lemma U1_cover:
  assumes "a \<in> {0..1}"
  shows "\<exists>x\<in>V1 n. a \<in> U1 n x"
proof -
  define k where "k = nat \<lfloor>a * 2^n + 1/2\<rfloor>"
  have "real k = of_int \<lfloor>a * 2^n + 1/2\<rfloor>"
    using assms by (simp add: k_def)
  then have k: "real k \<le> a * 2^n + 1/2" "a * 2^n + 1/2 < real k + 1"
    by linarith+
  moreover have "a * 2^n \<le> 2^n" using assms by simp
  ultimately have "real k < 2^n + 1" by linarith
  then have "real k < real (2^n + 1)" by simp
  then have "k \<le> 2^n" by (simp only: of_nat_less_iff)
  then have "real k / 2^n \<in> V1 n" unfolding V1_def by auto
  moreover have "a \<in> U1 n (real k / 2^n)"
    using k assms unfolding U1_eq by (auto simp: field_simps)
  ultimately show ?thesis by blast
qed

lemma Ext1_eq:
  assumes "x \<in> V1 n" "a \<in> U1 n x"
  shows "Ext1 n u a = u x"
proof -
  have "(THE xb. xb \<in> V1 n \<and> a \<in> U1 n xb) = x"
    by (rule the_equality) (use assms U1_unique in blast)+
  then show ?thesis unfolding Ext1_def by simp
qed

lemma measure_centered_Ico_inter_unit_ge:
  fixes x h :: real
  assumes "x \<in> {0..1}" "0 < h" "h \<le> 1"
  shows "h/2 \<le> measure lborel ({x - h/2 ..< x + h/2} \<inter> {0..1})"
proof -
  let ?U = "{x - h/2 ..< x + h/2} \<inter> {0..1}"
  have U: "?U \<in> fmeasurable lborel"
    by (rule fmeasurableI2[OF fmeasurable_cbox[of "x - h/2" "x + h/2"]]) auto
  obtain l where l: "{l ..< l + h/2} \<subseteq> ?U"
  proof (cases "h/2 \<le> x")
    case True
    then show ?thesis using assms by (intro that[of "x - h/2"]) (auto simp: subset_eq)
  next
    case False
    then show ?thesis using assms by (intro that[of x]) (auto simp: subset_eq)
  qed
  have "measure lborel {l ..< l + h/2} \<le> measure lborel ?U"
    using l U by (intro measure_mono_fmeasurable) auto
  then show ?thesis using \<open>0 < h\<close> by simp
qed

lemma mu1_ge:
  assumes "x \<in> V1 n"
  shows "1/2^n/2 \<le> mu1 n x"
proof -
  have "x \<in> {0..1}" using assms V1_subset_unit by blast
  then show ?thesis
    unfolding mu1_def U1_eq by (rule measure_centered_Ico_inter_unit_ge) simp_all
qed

****

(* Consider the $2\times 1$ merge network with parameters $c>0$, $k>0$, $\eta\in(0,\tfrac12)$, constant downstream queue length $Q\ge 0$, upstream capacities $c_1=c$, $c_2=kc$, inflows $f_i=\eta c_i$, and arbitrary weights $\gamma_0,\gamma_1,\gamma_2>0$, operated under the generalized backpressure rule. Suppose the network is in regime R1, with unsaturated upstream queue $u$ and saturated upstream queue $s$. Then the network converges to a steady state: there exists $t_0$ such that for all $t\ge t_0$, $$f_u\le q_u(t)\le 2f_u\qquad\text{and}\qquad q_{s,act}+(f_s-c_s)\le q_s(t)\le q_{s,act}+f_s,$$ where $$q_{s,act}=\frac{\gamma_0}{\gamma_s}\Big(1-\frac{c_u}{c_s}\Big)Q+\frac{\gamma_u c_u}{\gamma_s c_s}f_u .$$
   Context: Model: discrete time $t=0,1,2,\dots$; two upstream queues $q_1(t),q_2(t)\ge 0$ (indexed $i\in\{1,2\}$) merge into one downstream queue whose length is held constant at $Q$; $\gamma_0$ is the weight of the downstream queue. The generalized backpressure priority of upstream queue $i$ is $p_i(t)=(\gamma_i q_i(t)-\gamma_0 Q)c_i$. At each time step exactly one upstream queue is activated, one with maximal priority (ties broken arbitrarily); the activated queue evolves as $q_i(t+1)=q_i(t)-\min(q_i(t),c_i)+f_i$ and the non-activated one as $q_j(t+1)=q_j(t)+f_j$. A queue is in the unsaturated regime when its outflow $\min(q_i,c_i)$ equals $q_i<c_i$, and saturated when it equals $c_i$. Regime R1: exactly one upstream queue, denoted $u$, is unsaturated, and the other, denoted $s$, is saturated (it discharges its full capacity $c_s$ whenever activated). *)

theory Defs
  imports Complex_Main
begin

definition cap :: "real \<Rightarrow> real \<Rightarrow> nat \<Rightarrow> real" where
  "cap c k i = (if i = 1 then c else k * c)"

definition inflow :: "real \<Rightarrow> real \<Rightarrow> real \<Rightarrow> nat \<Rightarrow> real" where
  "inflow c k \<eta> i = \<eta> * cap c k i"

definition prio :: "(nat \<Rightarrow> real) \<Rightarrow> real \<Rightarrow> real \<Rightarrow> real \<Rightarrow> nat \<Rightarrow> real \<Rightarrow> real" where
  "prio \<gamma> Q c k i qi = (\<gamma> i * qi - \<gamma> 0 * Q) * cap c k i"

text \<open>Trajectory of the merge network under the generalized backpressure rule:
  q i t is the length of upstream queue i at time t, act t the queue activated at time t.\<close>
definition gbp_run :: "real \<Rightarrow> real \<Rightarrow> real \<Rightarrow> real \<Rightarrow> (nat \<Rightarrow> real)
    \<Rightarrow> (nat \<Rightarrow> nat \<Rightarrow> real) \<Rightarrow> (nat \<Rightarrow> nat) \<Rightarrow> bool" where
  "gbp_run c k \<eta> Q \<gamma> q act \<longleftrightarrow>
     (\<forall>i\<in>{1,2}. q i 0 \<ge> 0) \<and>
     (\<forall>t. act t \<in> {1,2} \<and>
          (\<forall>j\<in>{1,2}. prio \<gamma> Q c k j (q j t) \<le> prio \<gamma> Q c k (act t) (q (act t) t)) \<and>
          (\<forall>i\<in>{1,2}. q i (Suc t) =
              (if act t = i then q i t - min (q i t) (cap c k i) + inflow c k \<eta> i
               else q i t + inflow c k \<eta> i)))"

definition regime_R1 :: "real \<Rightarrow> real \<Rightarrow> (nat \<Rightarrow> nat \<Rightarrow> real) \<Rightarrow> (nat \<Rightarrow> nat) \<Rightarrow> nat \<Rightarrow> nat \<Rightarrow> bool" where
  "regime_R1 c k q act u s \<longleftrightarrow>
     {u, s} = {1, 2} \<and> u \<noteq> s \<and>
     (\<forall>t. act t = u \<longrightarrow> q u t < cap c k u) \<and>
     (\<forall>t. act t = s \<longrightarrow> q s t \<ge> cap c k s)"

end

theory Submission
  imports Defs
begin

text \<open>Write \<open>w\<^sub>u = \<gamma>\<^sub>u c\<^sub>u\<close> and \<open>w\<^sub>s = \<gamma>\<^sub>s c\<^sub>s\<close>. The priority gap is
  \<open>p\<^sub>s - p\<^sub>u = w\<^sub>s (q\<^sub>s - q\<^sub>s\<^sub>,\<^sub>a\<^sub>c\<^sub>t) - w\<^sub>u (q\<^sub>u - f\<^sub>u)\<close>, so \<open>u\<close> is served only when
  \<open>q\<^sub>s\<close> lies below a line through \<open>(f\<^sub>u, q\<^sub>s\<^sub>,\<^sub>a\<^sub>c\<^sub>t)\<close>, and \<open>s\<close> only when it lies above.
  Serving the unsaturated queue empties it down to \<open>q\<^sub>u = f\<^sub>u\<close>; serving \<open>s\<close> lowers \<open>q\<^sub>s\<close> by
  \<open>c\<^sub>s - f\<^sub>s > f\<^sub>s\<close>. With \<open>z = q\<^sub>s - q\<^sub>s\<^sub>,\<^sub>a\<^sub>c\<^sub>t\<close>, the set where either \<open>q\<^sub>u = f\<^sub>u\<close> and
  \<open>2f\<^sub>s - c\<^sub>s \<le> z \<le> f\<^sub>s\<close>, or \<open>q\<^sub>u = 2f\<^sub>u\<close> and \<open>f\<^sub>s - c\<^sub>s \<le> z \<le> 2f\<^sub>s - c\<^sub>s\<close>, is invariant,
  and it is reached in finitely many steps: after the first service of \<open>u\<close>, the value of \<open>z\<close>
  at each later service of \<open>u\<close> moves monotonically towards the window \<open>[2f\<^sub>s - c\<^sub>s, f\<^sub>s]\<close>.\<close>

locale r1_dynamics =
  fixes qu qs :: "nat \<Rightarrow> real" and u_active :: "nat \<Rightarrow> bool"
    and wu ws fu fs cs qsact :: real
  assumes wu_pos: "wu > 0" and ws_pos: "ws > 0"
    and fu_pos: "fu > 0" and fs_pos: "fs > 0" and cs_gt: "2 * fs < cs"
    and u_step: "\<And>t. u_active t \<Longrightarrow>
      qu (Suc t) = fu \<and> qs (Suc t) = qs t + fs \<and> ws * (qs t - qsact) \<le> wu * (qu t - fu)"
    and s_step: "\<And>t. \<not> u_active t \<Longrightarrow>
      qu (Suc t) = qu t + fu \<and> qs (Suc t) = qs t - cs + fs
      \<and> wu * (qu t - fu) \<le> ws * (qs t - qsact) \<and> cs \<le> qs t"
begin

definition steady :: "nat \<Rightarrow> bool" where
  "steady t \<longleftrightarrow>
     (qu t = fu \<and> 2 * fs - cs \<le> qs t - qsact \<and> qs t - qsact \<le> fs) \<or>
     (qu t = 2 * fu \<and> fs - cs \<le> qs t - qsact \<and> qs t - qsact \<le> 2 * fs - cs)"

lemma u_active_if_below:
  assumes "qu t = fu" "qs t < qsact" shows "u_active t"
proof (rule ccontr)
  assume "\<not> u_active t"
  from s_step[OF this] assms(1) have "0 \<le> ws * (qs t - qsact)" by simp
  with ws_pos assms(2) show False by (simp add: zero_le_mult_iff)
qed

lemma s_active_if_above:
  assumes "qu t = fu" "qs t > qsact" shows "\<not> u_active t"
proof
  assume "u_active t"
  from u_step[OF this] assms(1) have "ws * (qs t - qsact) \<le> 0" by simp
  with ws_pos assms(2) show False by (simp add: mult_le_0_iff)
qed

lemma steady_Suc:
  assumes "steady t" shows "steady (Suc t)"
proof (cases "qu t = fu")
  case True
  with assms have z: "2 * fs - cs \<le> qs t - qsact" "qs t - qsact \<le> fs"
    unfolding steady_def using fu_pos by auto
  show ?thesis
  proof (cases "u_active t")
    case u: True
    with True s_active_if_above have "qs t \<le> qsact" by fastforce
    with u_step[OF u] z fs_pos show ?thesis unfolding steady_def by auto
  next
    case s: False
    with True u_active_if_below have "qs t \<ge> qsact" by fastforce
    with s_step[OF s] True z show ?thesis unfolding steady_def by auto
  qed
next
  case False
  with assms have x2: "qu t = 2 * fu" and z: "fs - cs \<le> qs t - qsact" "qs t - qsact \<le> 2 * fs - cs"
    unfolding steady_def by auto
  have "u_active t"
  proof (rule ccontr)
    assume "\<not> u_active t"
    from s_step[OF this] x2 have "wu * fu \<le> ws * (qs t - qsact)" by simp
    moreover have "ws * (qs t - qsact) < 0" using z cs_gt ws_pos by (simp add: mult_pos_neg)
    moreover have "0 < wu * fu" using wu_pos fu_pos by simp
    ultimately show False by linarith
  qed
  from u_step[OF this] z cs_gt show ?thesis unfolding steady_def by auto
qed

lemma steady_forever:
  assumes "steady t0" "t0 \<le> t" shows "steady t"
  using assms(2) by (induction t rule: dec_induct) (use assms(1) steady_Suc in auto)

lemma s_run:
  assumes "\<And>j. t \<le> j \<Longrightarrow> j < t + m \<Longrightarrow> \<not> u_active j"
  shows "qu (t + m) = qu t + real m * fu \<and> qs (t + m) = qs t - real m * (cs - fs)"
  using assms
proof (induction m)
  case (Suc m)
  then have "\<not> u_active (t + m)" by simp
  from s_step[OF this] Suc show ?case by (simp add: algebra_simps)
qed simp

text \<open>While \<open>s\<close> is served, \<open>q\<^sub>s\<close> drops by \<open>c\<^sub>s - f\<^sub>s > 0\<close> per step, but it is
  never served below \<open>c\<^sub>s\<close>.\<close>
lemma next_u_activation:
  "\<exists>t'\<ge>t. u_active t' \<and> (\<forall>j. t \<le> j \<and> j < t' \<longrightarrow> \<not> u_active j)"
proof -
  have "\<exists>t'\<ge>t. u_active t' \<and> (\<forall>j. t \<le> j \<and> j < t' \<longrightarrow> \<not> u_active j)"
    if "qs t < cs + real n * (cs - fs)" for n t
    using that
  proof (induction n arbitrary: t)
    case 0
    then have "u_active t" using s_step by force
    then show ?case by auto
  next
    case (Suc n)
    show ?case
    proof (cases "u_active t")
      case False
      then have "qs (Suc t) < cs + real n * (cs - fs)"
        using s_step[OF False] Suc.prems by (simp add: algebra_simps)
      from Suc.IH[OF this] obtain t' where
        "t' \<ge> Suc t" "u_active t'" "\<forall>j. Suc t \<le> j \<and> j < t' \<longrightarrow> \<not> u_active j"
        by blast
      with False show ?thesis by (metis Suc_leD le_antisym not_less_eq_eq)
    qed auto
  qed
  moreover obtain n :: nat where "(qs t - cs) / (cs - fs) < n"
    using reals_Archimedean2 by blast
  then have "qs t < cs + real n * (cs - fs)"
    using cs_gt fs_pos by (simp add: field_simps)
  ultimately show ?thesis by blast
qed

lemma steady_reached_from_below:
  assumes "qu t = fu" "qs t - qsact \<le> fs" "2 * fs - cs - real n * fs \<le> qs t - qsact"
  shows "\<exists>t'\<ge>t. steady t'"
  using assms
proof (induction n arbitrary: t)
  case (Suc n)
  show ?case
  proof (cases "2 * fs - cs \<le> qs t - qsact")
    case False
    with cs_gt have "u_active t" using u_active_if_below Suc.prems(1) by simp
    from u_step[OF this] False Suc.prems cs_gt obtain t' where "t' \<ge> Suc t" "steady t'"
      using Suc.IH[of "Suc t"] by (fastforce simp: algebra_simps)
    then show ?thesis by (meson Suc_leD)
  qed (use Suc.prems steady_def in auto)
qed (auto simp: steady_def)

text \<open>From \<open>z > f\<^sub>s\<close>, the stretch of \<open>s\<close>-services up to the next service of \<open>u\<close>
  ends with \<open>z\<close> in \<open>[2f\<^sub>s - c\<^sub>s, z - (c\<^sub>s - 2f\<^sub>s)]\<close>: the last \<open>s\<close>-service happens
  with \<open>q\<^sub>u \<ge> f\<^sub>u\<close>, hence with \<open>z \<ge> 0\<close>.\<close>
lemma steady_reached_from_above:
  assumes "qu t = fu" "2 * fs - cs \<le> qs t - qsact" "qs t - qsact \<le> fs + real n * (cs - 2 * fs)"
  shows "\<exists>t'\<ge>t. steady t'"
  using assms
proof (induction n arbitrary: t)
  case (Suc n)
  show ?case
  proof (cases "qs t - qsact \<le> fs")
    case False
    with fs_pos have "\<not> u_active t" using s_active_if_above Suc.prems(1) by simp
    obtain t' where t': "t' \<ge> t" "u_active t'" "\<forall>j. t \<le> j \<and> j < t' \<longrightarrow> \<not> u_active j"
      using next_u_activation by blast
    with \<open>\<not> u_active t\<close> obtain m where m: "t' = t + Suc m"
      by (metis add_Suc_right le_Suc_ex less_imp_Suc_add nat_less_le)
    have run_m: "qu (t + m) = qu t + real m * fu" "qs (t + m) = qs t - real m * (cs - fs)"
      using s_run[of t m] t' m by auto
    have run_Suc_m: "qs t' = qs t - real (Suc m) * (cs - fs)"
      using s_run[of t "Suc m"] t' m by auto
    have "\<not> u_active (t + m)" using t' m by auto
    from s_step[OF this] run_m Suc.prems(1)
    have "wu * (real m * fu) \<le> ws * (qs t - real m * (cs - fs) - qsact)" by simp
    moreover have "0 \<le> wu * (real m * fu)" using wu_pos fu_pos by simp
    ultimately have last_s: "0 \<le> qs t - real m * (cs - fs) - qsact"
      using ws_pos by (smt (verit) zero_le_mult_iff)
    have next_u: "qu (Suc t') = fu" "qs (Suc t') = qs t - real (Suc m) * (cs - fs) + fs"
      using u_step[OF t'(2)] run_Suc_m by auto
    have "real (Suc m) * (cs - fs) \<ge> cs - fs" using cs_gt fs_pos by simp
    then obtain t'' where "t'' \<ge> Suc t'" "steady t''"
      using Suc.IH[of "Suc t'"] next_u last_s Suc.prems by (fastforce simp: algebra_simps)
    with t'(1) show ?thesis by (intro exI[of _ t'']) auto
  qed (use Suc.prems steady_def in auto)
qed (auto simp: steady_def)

****

ACTIVITY: Search the entries above for the word "blast", and copy every line where it occurs.

RESPONSE BOX:
  ultimately show ?thesis by blast
    by (rule the_equality) (use assms U1_unique in blast)+
  have "x \<in> {0..1}" using assms V1_subset_unit by blast
        by blast
    using reals_Archimedean2 by blast
  ultimately show ?thesis by blast
      using next_u_activation by blast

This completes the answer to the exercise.